A lot of people give there fluffs a weekly bath. I don't believe giving him one more then once a week on a regular basis is good for his skin. I Opey a once a week sometime and then go a little longer depending on his week.


----------



## MaxisMommie (Jul 30, 2012)

*Ya, I wouldn't bathe more than once a week. I was thinking about freshening sprays, however, I am not too sure how great those are for their coat.*


----------



## Furbabies mom (Jul 25, 2011)

Once a week, every Sunday morning!!!!


----------



## StevieB (Feb 2, 2012)

I do once a week unless he gets extra filthy for some reason. I think if you wash his face/ under eye area daily or every other day it helps a lot with the "freshness". A lot of us use one called Spa Lavish. Also try a grooming spray when you brush him. There are a few good ones out there. It's hard to keep these white fluffs white and fluffy!


----------



## mysugarbears (Aug 13, 2007)

Most of the time once a week but sometimes with Kelly and Reese and when Riley was in full coat i will or would do 2x a week.


----------



## Orla (Jul 5, 2009)

Used to be once a week but now every 10 days, sometimes more and sometimes less - depending on how much time he's spent outside.


----------



## MaxisMommie (Jul 30, 2012)

*Thank you all for the input! I think Maxi just enjoys getting extra dirty while running around in our community doggie park haha. Pretty much everyday I am getting dirt and twigs out of his coat. I am going to try the baby wiping every night though, I think that should do the trick.*


----------



## hoaloha (Jan 27, 2012)

Glad to help! I use baby-wipes on the bum or antibacterial wipes too on the paws for light dirt; If the feet get really dirty (ie. after a long walk), I just wash the feet with some shampoo or dish-soap (thanks JMM- Jackie for that tip!).


----------



## tobysmom (Jan 1, 2011)

every 10 days for mine, when i did it once a week i was really light on the shamp every other time.


----------



## Lacie's Mom (Oct 11, 2006)

If there was only Secret -- I would bath her about every 3 days. I often do bath her mid-week. Neither Tilly nor Lacie have a problem staying clean.


----------



## MaxisMommie (Jul 30, 2012)

Lacie's Mom said:


> If there was only Secret -- I would bath her about every 3 days. I often do bath her mid-week. Neither Tilly nor Lacie have a problem staying clean.
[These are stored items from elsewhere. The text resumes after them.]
(* Let $X$ be a real Banach space with a normalized Schauder basis $\mathcal B=(e_n)_{n=1}^\infty$ with biorthogonal functionals $(e_n^* )$, and let $\mathcal E=(\varepsilon_n)_{n=1}^\infty$ be a sequence of nonnegative numbers. The following are equivalent: (1) the brick $K_{\mathcal B,\mathcal E}$ is compact; (2) $K_{\mathcal B,\mathcal E}$ is holistic, i.e. for every scalar sequence $(a_n)$ with $|a_n|\le\varepsilon_n$ for all $n$ the series $\sum_{n=1}^\infty a_ne_n$ converges; (3) the series $\sum_{n=1}^\infty\varepsilon_ne_n$ converges unconditionally; (4) $r^{\rm unc}(K_{\mathcal B,\mathcal E})<\infty$.
   Context: The brick is $K_{\mathcal B,\mathcal E}=\{x\in X:\ |e_n^*(x)|\le\varepsilon_n \text{ for all } n\}$. The unconditional radius is $r^{\rm unc}(K_{\mathcal B,\mathcal E})=\sup_{\theta_n=\pm1}\|\sum_{n=1}^\infty\theta_n\varepsilon_ne_n\|$, where the norm of a divergent series is $\infty$. A series converges unconditionally if every rearrangement of it converges. *)

theory Defs
  imports "HOL-Analysis.Analysis"
begin

text \<open>Schauder basis (indexed from 0): every vector has a unique expansion
  x = sum of c n *R e n, with convergence of the partial sums.\<close>
definition schauder_basis :: "(nat \<Rightarrow> 'a::real_normed_vector) \<Rightarrow> bool" where
  "schauder_basis e \<longleftrightarrow> (\<forall>x. \<exists>!c::nat \<Rightarrow> real. (\<lambda>n. c n *\<^sub>R e n) sums x)"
Haha Yes I know what you mean. Maxi gets into everything outside, and I mean like climbing in bushes.... lol. So I strive to keep him as clean as possible especially because he sleeps in our bed.


----------



## Grace'sMom (Feb 22, 2012)

Gus has skin problems. So he is bathed at least every other day. But sometimes daily.

I keep him shaved down  so it is quick.


----------



## MaxisMommie (Jul 30, 2012)

Grace'sMom said:


> Gus has skin problems. So he is bathed at least every other day. But sometimes daily.
> 
> I keep him shaved down  so it is quick.


Aw, poor guy.


----------



## jmm (Nov 23, 2004)

In the good weather, seems like Roo swims or gets hosed off a couple times a week. My show dogs I've bathed every 5 days regularly with no issues.


----------



## angel_chow (Aug 1, 2012)

I just adopted my aunt's maltese bec she can no longer look after her. She smells a little bit 4 days after taking a bath. Is there anyway that i can keep her smelling fresh? She licks herself a
lot and i think that's one of the reasons. Hope you can give me other tips. I am from Manila,Philippines so i don't have access to Spa Lavish. 😥


Sent from my iPhone using PG Free


----------



## lydiatug (Feb 21, 2012)

hmmm, guess I'm the odd one out, my yorkie needs a bath every week, but Lexie stays pretty clean, so every other week...maybe because she's old and doesn't really get that dirty anymore.


----------



## nicolen412 (Jun 8, 2012)

i always clean his paws after he has run in the garden and i baby wipe him down every night (following a post a read on here) seems to work but its been exactly a week today and hes getting a bit stinky!!


----------



## shellbeme (Mar 1, 2011)

I do baths for the boys once a week


----------



## MaxisMommie (Jul 30, 2012)

*Okay, so I think I have found a routine for freshness that works the best for us. Maxi gets bathed once a week, baby wiped every night, face washed twice a day, teeth brushed every night, and a spritz of vanilla oatmeal fragrance spray mid week. Sounds like a lot, but this keeps him the cleanest! *


----------



## StevieB (Feb 2, 2012)

Maxi will be snuggle ready at all times!! That's worth it.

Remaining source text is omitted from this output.